Shackelford took off his baseball cap and creased the bill. “I sleep in on Election Day, never figured a single politician to be worth a shit.”

“You ever hear Gowrie talk about Johnny Stagg?” Quinn asked.

“The county supervisor?”

Quinn nodded.

“Not that I recall.”

“Stagg sent over some of Gowrie’s boys to steal some of my uncle’s cattle.”

“You know, most of those boys believe in Gowrie, like he’s some kind of prophet. I went out there one night to some kind of barbecue, and he showed us an old movie about the mongrelization of the races. Said if we didn’t come together to fight it, we’d be the new niggers. What the hell does that mean? But he did make some pretty good ice cream. Peach, I think.”
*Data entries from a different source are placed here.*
lemma laplacian_apply:
  assumes "i < N"
  shows "(\<Sum>k<N. L $$ (i, k) * v k) = diag_coeff (cell i) * v i
    + block_coeff (cell i) Periphery * cell_sum Periphery v
    + block_coeff (cell i) Petal1 * cell_sum Petal1 v + block_coeff (cell i) Petal2 * cell_sum Petal2 v"
proof -
  have "(\<Sum>k<N. L $$ (i, k) * v k) =
      (\<Sum>k<N. (of_bool (k = i) * diag_coeff (cell i) + block_coeff (cell i) (cell k)) * v k)"
    using assms by (intro sum.cong) (simp_all add: laplacian_entry)
  also have "\<dots> = diag_coeff (cell i) * v i
    + block_coeff (cell i) Periphery * cell_sum Periphery v
    + block_coeff (cell i) Petal1 * cell_sum Petal1 v + block_coeff (cell i) Petal2 * cell_sum Petal2 v"
    by (rule sum_point_plus_cellwise[OF assms])
  finally show ?thesis .
qed

primrec kernel_coeff :: "cell \<Rightarrow> real" where
  "kernel_coeff Periphery = a * b" | "kernel_coeff Petal1 = - b" | "kernel_coeff Petal2 = - a"

lemma laplacian_kernel_vec:
  assumes "i < N"
  shows "(\<Sum>k<N. L $$ (i, k) * kernel_coeff (cell k)) = 0"
  unfolding laplacian_apply[OF assms] cell_sum_cellwise_const
  using sizes_pos by (cases "cell i") (simp_all add: field_simps)

lemma laplacian_cell_indicator:
  assumes "i < N" "c \<noteq> Periphery"
  shows "(\<Sum>k<N. L $$ (i, k) * of_bool (cell k = c)) = cell_size c * block_coeff (cell i) c"
  using assms(2)
  by (cases c; cases "cell i") (simp_all add: laplacian_apply[OF assms(1)] cell_sum_indicator)

lemma laplacian_difference:
  assumes "i < N" "j < N" "j' < N" "cell j' = cell j"
  shows "(\<Sum>k<N. L $$ (i, k) * (of_bool (k = j) - of_bool (k = j'))) =
    diag_coeff (cell j) * (of_bool (i = j) - of_bool (i = j'))"
  using assms by (auto simp: laplacian_apply cell_sum_diff cell_sum_point)

definition basis_vec :: "nat \<Rightarrow> nat \<Rightarrow> real" where
  "basis_vec j k =
    (if j = base Periphery then kernel_coeff (cell k)
     else if j = base (cell j) then of_bool (cell k = cell j)
     else of_bool (k = j) - of_bool (k = base (cell j)))"

(* Column j holds the coordinates of L applied to basis vector j; for instance
   L 1_h1 = z / (2 b) + (a + 1/2) 1_h1 + a / (2 b) 1_h2. *)
definition reduced_entry :: "nat \<Rightarrow> nat \<Rightarrow> real" where
  "reduced_entry m j =
    (if j = base Petal1 then
       of_bool (m = base Periphery) / (2 * b) + of_bool (m = base Petal1) * (a + 1 / 2)
         + of_bool (m = base Petal2) * (a / (2 * b))
     else if j = base Petal2 then
       of_bool (m = base Periphery) / (2 * a) + of_bool (m = base Petal1) * (b / (2 * a))
         + of_bool (m = base Petal2) * (b + 1 / 2)
     else if j = base Periphery then 0
     else of_bool (m = j) * diag_coeff (cell j))"

lemma basis_vec_eq:
  "basis_vec (base Periphery) = (\<lambda>k. kernel_coeff (cell k))"
  "c \<noteq> Periphery \<Longrightarrow> basis_vec (base c) = (\<lambda>k. of_bool (cell k = c))"
  "j \<noteq> base (cell j) \<Longrightarrow> basis_vec j = (\<lambda>k. of_bool (k = j) - of_bool (k = base (cell j)))"
  by (auto simp: basis_vec_def fun_eq_iff)

lemma sum_reduced_petal_column:
  assumes "c \<noteq> Periphery"
  shows "(\<Sum>m<N. basis_vec m i * reduced_entry m (base c)) =
    (\<Sum>m\<in>{base Periphery, base Petal1, base Petal2}. basis_vec m i * reduced_entry m (base c))"
  using assms by (cases c; intro sum.mono_neutral_right; auto simp: reduced_entry_def)

lemma laplacian_basis_column:
  assumes "i < N" "j < N"
  shows "(\<Sum>k<N. L $$ (i, k) * basis_vec j k) = (\<Sum>m<N. basis_vec m i * reduced_entry m j)"
proof (cases j rule: base_cases)
  case kernel
  then show ?thesis
    using laplacian_kernel_vec[OF assms(1)] by (simp add: basis_vec_eq reduced_entry_def)
next
  case (petal c)
  have "(\<Sum>m<N. basis_vec m i * reduced_entry m j) = cell_size c * block_coeff (cell i) c"
    using petal sizes_pos unfolding petal(2) sum_reduced_petal_column[OF petal(1)]
    by (cases c; cases "cell i") (simp_all add: basis_vec_eq reduced_entry_def field_simps)
  then show ?thesis
    using petal laplacian_cell_indicator[OF assms(1) petal(1)] by (simp add: basis_vec_eq)
next
  case other
  have reduced: "reduced_entry m j = of_bool (m = j) * diag_coeff (cell j)" for m
    using other by (auto simp: reduced_entry_def dest: sym)
  then have "(\<Sum>m<N. basis_vec m i * reduced_entry m j) = basis_vec j i * diag_coeff (cell j)"
    using assms(2) by (subst sum.mono_neutral_right[where S = "{j}"]) auto
  moreover have "(\<Sum>k<N. L $$ (i, k) * basis_vec j k) = diag_coeff (cell j) * basis_vec j i"
    using laplacian_difference[OF assms base_less cell_base] by (simp add: basis_vec_eq(3)[OF other])
  ultimately show ?thesis by simp
qed

lemma cell_sum_basis_vec:
  assumes "j < N"
  shows "cell_sum c (basis_vec j) =
    (if j = base Periphery then cell_size c * kernel_coeff c
     else if j = base (cell j) then cell_size c * of_bool (c = cell j) else 0)"
proof (cases j rule: base_cases)
  case kernel
  then show ?thesis by (simp add: basis_vec_eq cell_sum_cellwise_const)
next
  case (petal c)
  then show ?thesis by (simp add: basis_vec_eq cell_sum_indicator)
next
  case other
  then have "j \<noteq> base Periphery" by (metis cell_base)
  with other assms show ?thesis by (simp add: basis_vec_eq cell_sum_diff cell_sum_point)
qed

(* Row x of the inverse of basis_mat: the coordinates of v are read off from v x and the cell sums of v. *)
definition dual_weight :: "nat \<Rightarrow> cell \<Rightarrow> real" where
  "dual_weight x c =
    (if x = base Periphery then of_bool (c = Periphery) / (real l * a * b)
     else if x = base (cell x) then
       (of_bool (c = cell x) + of_bool (c = Periphery) / real l) / cell_size (cell x)
     else - of_bool (c = cell x) / cell_size (cell x))"

definition dual_entry :: "nat \<Rightarrow> nat \<Rightarrow> real" where
  "dual_entry x k = of_bool (k = x) * of_bool (x \<noteq> base (cell x)) + dual_weight x (cell k)"

lemma dual_basis_column:
  assumes "x < N" "j < N"
  shows "(\<Sum>k<N. dual_entry x k * basis_vec j k) = of_bool (x = j)"
proof -
  have "(\<Sum>k<N. dual_entry x k * basis_vec j k) =
      of_bool (x \<noteq> base (cell x)) * basis_vec j x
      + dual_weight x Periphery * cell_sum Periphery (basis_vec j)
      + dual_weight x Petal1 * cell_sum Petal1 (basis_vec j)
      + dual_weight x Petal2 * cell_sum Petal2 (basis_vec j)"
    unfolding dual_entry_def by (rule sum_point_plus_cellwise[OF assms(1)])
  also have "\<dots> = of_bool (x = j)"
  proof (cases x rule: base_cases)
    case kernel
    then show ?thesis using sizes_pos assms(2)
      by (auto simp: cell_sum_basis_vec dual_weight_def basis_vec_def)
  next
    case (petal c)
    then show ?thesis using sizes_pos assms(2)
      by (cases c) (auto simp: cell_sum_basis_vec dual_weight_def basis_vec_def field_simps)
  next
    case other
    then show ?thesis using sizes_pos assms
      by (cases "cell x") (auto simp: cell_sum_basis_vec dual_weight_def basis_vec_def field_simps)
  qed
  finally show ?thesis .
qed

definition basis_mat :: "real mat" where
  "basis_mat = mat N N (\<lambda>(k, j). basis_vec j k)"

definition dual_mat :: "real mat" where
  "dual_mat = mat N N (\<lambda>(x, k). dual_entry x k)"

definition reduced_mat :: "real mat" where
  "reduced_mat = mat N N (\<lambda>(m, j). reduced_entry m j)"

lemma carrier_mats:
  "basis_mat \<in> carrier_mat N N" "dual_mat \<in> carrier_mat N N" "reduced_mat \<in> carrier_mat N N"
  by (simp_all add: basis_mat_def dual_mat_def reduced_mat_def)

lemma dual_mat_basis_mat: "dual_mat * basis_mat = 1\<^sub>m N"
proof (rule eq_matI)
  fix x j assume "x < dim_row (1\<^sub>m N)" "j < dim_col (1\<^sub>m N)"
  then have ij: "x < N" "j < N" by simp_all
  show "(dual_mat * basis_mat) $$ (x, j) = 1\<^sub>m N $$ (x, j)"
    unfolding dual_mat_def basis_mat_def index_mat_mult_mat_sum[OF ij]
    using ij by (simp add: dual_basis_column)
qed (simp_all add: dual_mat_def basis_mat_def)

lemma laplacian_basis_mat: "L * basis_mat = basis_mat * reduced_mat"
proof (rule eq_matI)
  fix i j assume "i < dim_row (basis_mat * reduced_mat)" "j < dim_col (basis_mat * reduced_mat)"
  then have ij: "i < N" "j < N" using carrier_mats by simp_all
  show "(L * basis_mat) $$ (i, j) = (basis_mat * reduced_mat) $$ (i, j)"
    unfolding basis_mat_def reduced_mat_def index_mat_mult_mat_sum[OF ij]
      index_mult_mat_sum[OF norm_laplacian_carrier ij]
    using ij by (simp add: laplacian_basis_column)
qed (use norm_laplacian_carrier carrier_mats in auto)

lemma similar_laplacian_reduced: "similar_mat L reduced_mat"
proof -
  have inverse: "basis_mat * dual_mat = 1\<^sub>m N"
    by (rule mat_mult_left_right_inverse[OF carrier_mats(2,1) dual_mat_basis_mat])
  have "L = L * (basis_mat * dual_mat)"
    by (simp add: inverse right_mult_one_mat[OF norm_laplacian_carrier])
  also have "\<dots> = basis_mat * reduced_mat * dual_mat"
    using norm_laplacian_carrier carrier_mats
    by (simp add: assoc_mult_mat[symmetric, of L N N basis_mat N dual_mat N] laplacian_basis_mat)
  finally have "similar_mat_wit L reduced_mat basis_mat dual_mat"
    unfolding similar_mat_wit_def Let_def
    using norm_laplacian_carrier carrier_mats inverse dual_mat_basis_mat by auto
  then show ?thesis unfolding similar_mat_def by blast
qed

lemma reduced_entry_outside_petal_bases:
  assumes "j \<notin> {base Petal1, base Petal2}"
  shows "reduced_entry m j = of_bool (m = j \<and> j \<in> U - {base Periphery})"
  using assms by (auto simp: reduced_entry_def cell_def)

lemma char_poly_matrix_reduced_entry:
  assumes "i < N" "j < N"
  shows "char_poly_matrix reduced_mat $$ (i, j) =
    (if i = j then [:0, 1:] else 0) + [:- reduced_entry i j:]"
  using char_poly_matrix_entry[OF carrier_mats(3) assms] assms by (simp add: reduced_mat_def)

lemma prod_diag_char_poly_matrix_reduced:
  "(\<Prod>j\<in>{0..<N} - {base Petal1, base Petal2}. char_poly_matrix reduced_mat $$ (j, j)) =
    [:0, 1:] ^ (N - l - 1) * [:- 1, 1:] ^ (l - 1)"
proof -
  let ?M = "char_poly_matrix reduced_mat"
  let ?S = "{0..<N} - {base Petal1, base Petal2}"
  let ?V = "U - {base Periphery}"
  have V_sub: "?V \<subseteq> ?S"
    using cell_set_subset[of Periphery] base_mem[of Petal1] base_mem[of Petal2] disjoint by auto
  have "(\<Prod>j\<in>?S. ?M $$ (j, j)) = (\<Prod>j\<in>?S - ?V. ?M $$ (j, j)) * (\<Prod>j\<in>?V. ?M $$ (j, j))"
    using V_sub by (intro prod.subset_diff) auto
  also have "(\<Prod>j\<in>?S - ?V. ?M $$ (j, j)) = (\<Prod>j\<in>?S - ?V. [:0, 1:])"
    by (rule prod.cong) (auto simp: char_poly_matrix_reduced_entry reduced_entry_outside_petal_bases)
  also have "(\<Prod>j\<in>?V. ?M $$ (j, j)) = (\<Prod>j\<in>?V. [:- 1, 1:])"
  proof (rule prod.cong)
    fix j assume "j \<in> ?V"
    with V_sub have "j \<in> ?S" by blast
    with \<open>j \<in> ?V\<close> show "?M $$ (j, j) = [:- 1, 1:]"
      by (simp add: char_poly_matrix_reduced_entry reduced_entry_outside_petal_bases)
  qed simp
  also have "(\<Prod>j\<in>?S - ?V. [:0, 1:]) * (\<Prod>j\<in>?V. [:- 1, 1:]) =
      [:0, 1:] ^ card (?S - ?V) * [:- 1, 1:] ^ card ?V"
    by simp
  also have "card ?V = l - 1" using base_mem[of Periphery] card_U by simp
  also have "card (?S - ?V) = N - l - 1"
  proof -
    have "card (?S - ?V) = card ?S - card ?V"
      using V_sub finite_parts(1) by (intro card_Diff_subset) auto
    moreover have "card ?S = N - 2" by (simp add: card_Diff_subset)
    ultimately show ?thesis
      using card_vertices card_parts_pos base_mem[of Periphery] card_U by simp
  qed
  finally show ?thesis .
qed

lemma petal_block_char_poly_matrix_reduced:
  "char_poly_matrix reduced_mat $$ (base Petal1, base Petal1)
      * char_poly_matrix reduced_mat $$ (base Petal2, base Petal2)
    - char_poly_matrix reduced_mat $$ (base Petal1, base Petal2)
      * char_poly_matrix reduced_mat $$ (base Petal2, base Petal1)
    = [:- lambda_minus a b, 1:] * [:- lambda_plus a b, 1:]"
proof -
  have "char_poly_matrix reduced_mat $$ (base Petal1, base Petal1) = [:- (a + 1 / 2), 1:]"
    "char_poly_matrix reduced_mat $$ (base Petal2, base Petal2) = [:- (b + 1 / 2), 1:]"
    by (simp_all add: char_poly_matrix_reduced_entry reduced_entry_def)
  moreover have "char_poly_matrix reduced_mat $$ (base Petal1, base Petal2)
      * char_poly_matrix reduced_mat $$ (base Petal2, base Petal1) = [:1 / 4:]"
    using sizes_pos by (simp add: char_poly_matrix_reduced_entry reduced_entry_def)
  ultimately show ?thesis by (simp only: mult_linear_factors_lambda)
qed

lemma char_poly_reduced_mat:
  "char_poly reduced_mat =
    [:0, 1:] ^ (N - l - 1) * [:- 1, 1:] ^ (l - 1) * ([:- lambda_minus a b, 1:] * [:- lambda_plus a b, 1:])"
  unfolding char_poly_def prod_diag_char_poly_matrix_reduced[symmetric]
    petal_block_char_poly_matrix_reduced[symmetric]
  by (rule det_diagonal_except_two_columns)
    (auto simp: carrier_mats(3) char_poly_matrix_reduced_entry reduced_entry_outside_petal_bases)

lemma petal_sizes_ge_1: "1 \<le> a" "1 \<le> b"
  using sizes_pos by (simp_all add: a_def b_def)

definition flower_spectrum :: "real list" where
  "flower_spectrum =
    replicate (N - l - 1) 0 @ replicate (l - 1) 1 @ [lambda_minus a b, lambda_plus a b]"

lemma sorted_flower_spectrum: "sorted flower_spectrum"
  using one_le_lambda_minus[OF petal_sizes_ge_1] lambda_minus_less_plus[of a b]
  by (auto simp: flower_spectrum_def sorted_append)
They drove north, turning on the Square to the northwest part of the county on the other side of the Big Black River, a full moon shining out onto the flooded land like a mirror. They crossed over an old metal bridge that had always reminded Quinn of an Erector set.

“You headed back?” Shackelford asked.

“You got more places to show me.”

“I mean, headed back to the AFG.”

“I’m headed back to Benning.”

“You know your next deployment?”

“Ranger instructor.”

“No more stormin’ the castle, huh?”

“Why don’t you shut the hell up?”

Quinn studied the broken line on Highway 9, not being able to see an inch beyond those headlights. He turned on the radio, George Jones singing he had stopped loving her today.